§ **What to produce**
Each record needs to be echoed exactly; can you do that?

§ **Source data**

(* The set of binary representations (without leading zeros) of the record-setters of the Stern sequence $a$ is a context-free language over the alphabet $\{0,1\}$.
   Context: Stern's sequence $(a(n))_{n\ge0}$: $a(0)=0$, $a(1)=1$, $a(2n)=a(n)$, $a(2n+1)=a(n)+a(n+1)$. A record-setter of $a$ is an index $v\ge1$ with $a(i)<a(v)$ for all $i<v$. *)

theory Defs
  imports Main
begin

function stern :: "nat \<Rightarrow> nat" where
  "stern n = (if n < 2 then n
              else if even n then stern (n div 2)
              else stern (n div 2) + stern (n div 2 + 1))"
  by auto
termination by (relation "measure id") (auto elim!: oddE)

declare stern.simps [simp del]

lemma stern_0: "stern 0 = 0" by (simp add: stern.simps)
lemma stern_1: "stern 1 = 1" by (simp add: stern.simps)
lemma stern_even: "stern (2 * n) = stern n"
  by (cases "n = 0") (simp_all add: stern.simps)
lemma stern_odd: "stern (2 * n + 1) = stern n + stern (n + 1)"
  by (cases "n = 0") (simp_all add: stern.simps stern_0 stern_1)

definition record_setter :: "nat \<Rightarrow> bool" where
  "record_setter v \<longleftrightarrow> v \<ge> 1 \<and> (\<forall>i<v. stern i < stern v)"

text \<open>Most significant bit first; False = 0, True = 1; no leading zeros
  (bin_rep 0 = [], and for n \<ge> 1 the first bit is True).\<close>
fun bin_rep :: "nat \<Rightarrow> bool list" where
  "bin_rep n = (if n = 0 then [] else bin_rep (n div 2) @ [odd n])"

declare bin_rep.simps [simp del]

text \<open>A production is a pair of a nonterminal and a right-hand side, a word over
  nonterminals (Inl) and terminals (Inr).\<close>
type_synonym ('n, 't) prod = "'n \<times> ('n + 't) list"

definition cfg_step :: "('n, 't) prod set \<Rightarrow> ('n + 't) list \<Rightarrow> ('n + 't) list \<Rightarrow> bool" where
  "cfg_step P u v \<longleftrightarrow>
     (\<exists>l A r \<alpha>. u = l @ [Inl A] @ r \<and> (A, \<alpha>) \<in> P \<and> v = l @ \<alpha> @ r)"

definition cfg_lang :: "('n, 't) prod set \<Rightarrow> 'n \<Rightarrow> 't list set" where
  "cfg_lang P S = {w. (cfg_step P)\<^sup>*\<^sup>* [Inl S] (map Inr w)}"

text \<open>A language is context-free if it is generated by some grammar with finitely
  many productions; nonterminals are drawn from nat (any finite nonterminal
  alphabet can be encoded injectively into nat).\<close>
definition context_free :: "'t list set \<Rightarrow> bool" where
  "context_free L \<longleftrightarrow>
     (\<exists>(P :: (nat, 't) prod set) S. finite P \<and> cfg_lang P S = L)"

end

theory Submission
  imports Defs "HOL-Number_Theory.Fib"
begin

text \<open>Reading the binary representation of n from its most significant bit, the pair
  (a(n), a(n+1)) starts at (0, 1) and evolves by (x, y) \<mapsto> (x + y, y) on a 1 and by
  (x, y) \<mapsto> (x, x + y) on a 0. The largest first component reachable from (x, y) with
  m further bits is F(m) min(x, y) + F(m+1) max(x, y), attained by alternating bits. A number
  v is therefore a record-setter iff for every 1-bit of v, replacing it by 0 and continuing
  optimally stays below a(v); measuring every bit choice by how much it lowers the reachable
  maximum turns this into explicit inequalities between Fibonacci and Lucas numbers.
  Solving them shows that the binary representations of the record-setters are exactly
  the words of seven families built from blocks (10)^k, such as (10)^a 0 (10)^b 1 with
  1 \<le> a \<le> b + 1, and these families are generated by a grammar with three nonterminals.\<close>

section \<open>Fibonacci and Lucas numbers\<close>

lemma fib_ge_1: "n \<ge> 1 \<Longrightarrow> fib n \<ge> 1"
  using fib_neq_0_nat[of n] by simp

lemma fib_less_fib_Suc: "2 \<le> m \<Longrightarrow> fib m < fib (Suc m)"
proof -
  assume "2 \<le> m"
  then obtain j where "m = Suc j" "j \<ge> 1" by (cases m) auto
  thus ?thesis using fib_ge_1[of j] by simp
qed

lemma fib_less_fib: "m + 2 \<le> n \<Longrightarrow> fib m < fib n"
proof -
  assume "m + 2 \<le> n"
  have "fib m < fib (m + 2)" using fib_ge_1[of "Suc m"] by (simp add: numeral_2_eq_2)
  also have "\<dots> \<le> fib n" using \<open>m + 2 \<le> n\<close> by (rule fib_mono)
  finally show ?thesis .
qed

lemma fib_ge_3: "n \<ge> 4 \<Longrightarrow> fib n \<ge> 3"
proof -
  assume "n \<ge> 4"
  hence "fib 4 \<le> fib n" by (rule fib_mono)
  thus ?thesis by (simp add: eval_nat_numeral)
qed

lemma fib_diff_rec: "n \<ge> 2 \<Longrightarrow> fib n = fib (n - 1) + fib (n - 2)"
  by (cases n rule: fib.cases) auto

lemma fib_minus_1_expand: "n \<ge> 5 \<Longrightarrow>
    fib (n - 1) = fib (n - 3) + 2 * fib (n - 4) + fib (n - 5)"
proof -
  assume "n \<ge> 5"
  then obtain k where k: "n = k + 5" using le_Suc_ex by (metis add.commute)
  show ?thesis using k by (simp add: eval_nat_numeral)
qed

lemma three_fib_le_two_fib_Suc: "k \<noteq> 1 \<Longrightarrow> 3 * fib k \<le> 2 * fib (Suc k)"
proof (cases k)
  case 0 thus ?thesis by simp
next
  case (Suc j)
  assume "k \<noteq> 1"
  with Suc obtain i where j: "j = Suc i" by (cases j) auto
  have "fib (Suc i) \<ge> fib i" by (rule fib_Suc_mono)
  thus ?thesis using Suc j by simp
qed

lemma fib_shift_expand:
  "fib (n + 2) = fib n + fib (Suc n)" "fib (n + 3) = fib n + 2 * fib (Suc n)"
  "fib (n + 4) = 2 * fib n + 3 * fib (Suc n)" "fib (n + 5) = 3 * fib n + 5 * fib (Suc n)"
  by (simp_all add: eval_nat_numeral)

§ **Answer for this exercise**
(* The set of binary representations (without leading zeros) of the record-setters of the Stern sequence $a$ is a context-free language over the alphabet $\{0,1\}$.
   Context: Stern's sequence $(a(n))_{n\ge0}$: $a(0)=0$, $a(1)=1$, $a(2n)=a(n)$, $a(2n+1)=a(n)+a(n+1)$. A record-setter of $a$ is an index $v\ge1$ with $a(i)<a(v)$ for all $i<v$. *)

theory Defs
  imports Main
begin

function stern :: "nat \<Rightarrow> nat" where
  "stern n = (if n < 2 then n
              else if even n then stern (n div 2)
              else stern (n div 2) + stern (n div 2 + 1))"
  by auto
termination by (relation "measure id") (auto elim!: oddE)

declare stern.simps [simp del]

lemma stern_0: "stern 0 = 0" by (simp add: stern.simps)
lemma stern_1: "stern 1 = 1" by (simp add: stern.simps)
lemma stern_even: "stern (2 * n) = stern n"
  by (cases "n = 0") (simp_all add: stern.simps)
lemma stern_odd: "stern (2 * n + 1) = stern n + stern (n + 1)"
  by (cases "n = 0") (simp_all add: stern.simps stern_0 stern_1)

definition record_setter :: "nat \<Rightarrow> bool" where
  "record_setter v \<longleftrightarrow> v \<ge> 1 \<and> (\<forall>i<v. stern i < stern v)"

text \<open>Most significant bit first; False = 0, True = 1; no leading zeros
  (bin_rep 0 = [], and for n \<ge> 1 the first bit is True).\<close>
fun bin_rep :: "nat \<Rightarrow> bool list" where
  "bin_rep n = (if n = 0 then [] else bin_rep (n div 2) @ [odd n])"

declare bin_rep.simps [simp del]

text \<open>A production is a pair of a nonterminal and a right-hand side, a word over
  nonterminals (Inl) and terminals (Inr).\<close>
type_synonym ('n, 't) prod = "'n \<times> ('n + 't) list"

definition cfg_step :: "('n, 't) prod set \<Rightarrow> ('n + 't) list \<Rightarrow> ('n + 't) list \<Rightarrow> bool" where
  "cfg_step P u v \<longleftrightarrow>
     (\<exists>l A r \<alpha>. u = l @ [Inl A] @ r \<and> (A, \<alpha>) \<in> P \<and> v = l @ \<alpha> @ r)"

definition cfg_lang :: "('n, 't) prod set \<Rightarrow> 'n \<Rightarrow> 't list set" where
  "cfg_lang P S = {w. (cfg_step P)\<^sup>*\<^sup>* [Inl S] (map Inr w)}"

text \<open>A language is context-free if it is generated by some grammar with finitely
  many productions; nonterminals are drawn from nat (any finite nonterminal
  alphabet can be encoded injectively into nat).\<close>
definition context_free :: "'t list set \<Rightarrow> bool" where
  "context_free L \<longleftrightarrow>
     (\<exists>(P :: (nat, 't) prod set) S. finite P \<and> cfg_lang P S = L)"

end

theory Submission
  imports Defs "HOL-Number_Theory.Fib"
begin

text \<open>Reading the binary representation of n from its most significant bit, the pair
  (a(n), a(n+1)) starts at (0, 1) and evolves by (x, y) \<mapsto> (x + y, y) on a 1 and by
  (x, y) \<mapsto> (x, x + y) on a 0. The largest first component reachable from (x, y) with
  m further bits is F(m) min(x, y) + F(m+1) max(x, y), attained by alternating bits. A number
  v is therefore a record-setter iff for every 1-bit of v, replacing it by 0 and continuing
  optimally stays below a(v); measuring every bit choice by how much it lowers the reachable
  maximum turns this into explicit inequalities between Fibonacci and Lucas numbers.
  Solving them shows that the binary representations of the record-setters are exactly
  the words of seven families built from blocks (10)^k, such as (10)^a 0 (10)^b 1 with
  1 \<le> a \<le> b + 1, and these families are generated by a grammar with three nonterminals.\<close>

section \<open>Fibonacci and Lucas numbers\<close>

lemma fib_ge_1: "n \<ge> 1 \<Longrightarrow> fib n \<ge> 1"
  using fib_neq_0_nat[of n] by simp

lemma fib_less_fib_Suc: "2 \<le> m \<Longrightarrow> fib m < fib (Suc m)"
proof -
  assume "2 \<le> m"
  then obtain j where "m = Suc j" "j \<ge> 1" by (cases m) auto
  thus ?thesis using fib_ge_1[of j] by simp
qed

lemma fib_less_fib: "m + 2 \<le> n \<Longrightarrow> fib m < fib n"
proof -
  assume "m + 2 \<le> n"
  have "fib m < fib (m + 2)" using fib_ge_1[of "Suc m"] by (simp add: numeral_2_eq_2)
  also have "\<dots> \<le> fib n" using \<open>m + 2 \<le> n\<close> by (rule fib_mono)
  finally show ?thesis .
qed

lemma fib_ge_3: "n \<ge> 4 \<Longrightarrow> fib n \<ge> 3"
proof -
  assume "n \<ge> 4"
  hence "fib 4 \<le> fib n" by (rule fib_mono)
  thus ?thesis by (simp add: eval_nat_numeral)
qed

lemma fib_diff_rec: "n \<ge> 2 \<Longrightarrow> fib n = fib (n - 1) + fib (n - 2)"
  by (cases n rule: fib.cases) auto

lemma fib_minus_1_expand: "n \<ge> 5 \<Longrightarrow>
    fib (n - 1) = fib (n - 3) + 2 * fib (n - 4) + fib (n - 5)"
proof -
  assume "n \<ge> 5"
  then obtain k where k: "n = k + 5" using le_Suc_ex by (metis add.commute)
  show ?thesis using k by (simp add: eval_nat_numeral)
qed

lemma three_fib_le_two_fib_Suc: "k \<noteq> 1 \<Longrightarrow> 3 * fib k \<le> 2 * fib (Suc k)"
proof (cases k)
  case 0 thus ?thesis by simp
next
  case (Suc j)
  assume "k \<noteq> 1"
  with Suc obtain i where j: "j = Suc i" by (cases j) auto
  have "fib (Suc i) \<ge> fib i" by (rule fib_Suc_mono)
  thus ?thesis using Suc j by simp
qed

lemma fib_shift_expand:
  "fib (n + 2) = fib n + fib (Suc n)" "fib (n + 3) = fib n + 2 * fib (Suc n)"
  "fib (n + 4) = 2 * fib n + 3 * fib (Suc n)" "fib (n + 5) = 3 * fib n + 5 * fib (Suc n)"
  by (simp_all add: eval_nat_numeral)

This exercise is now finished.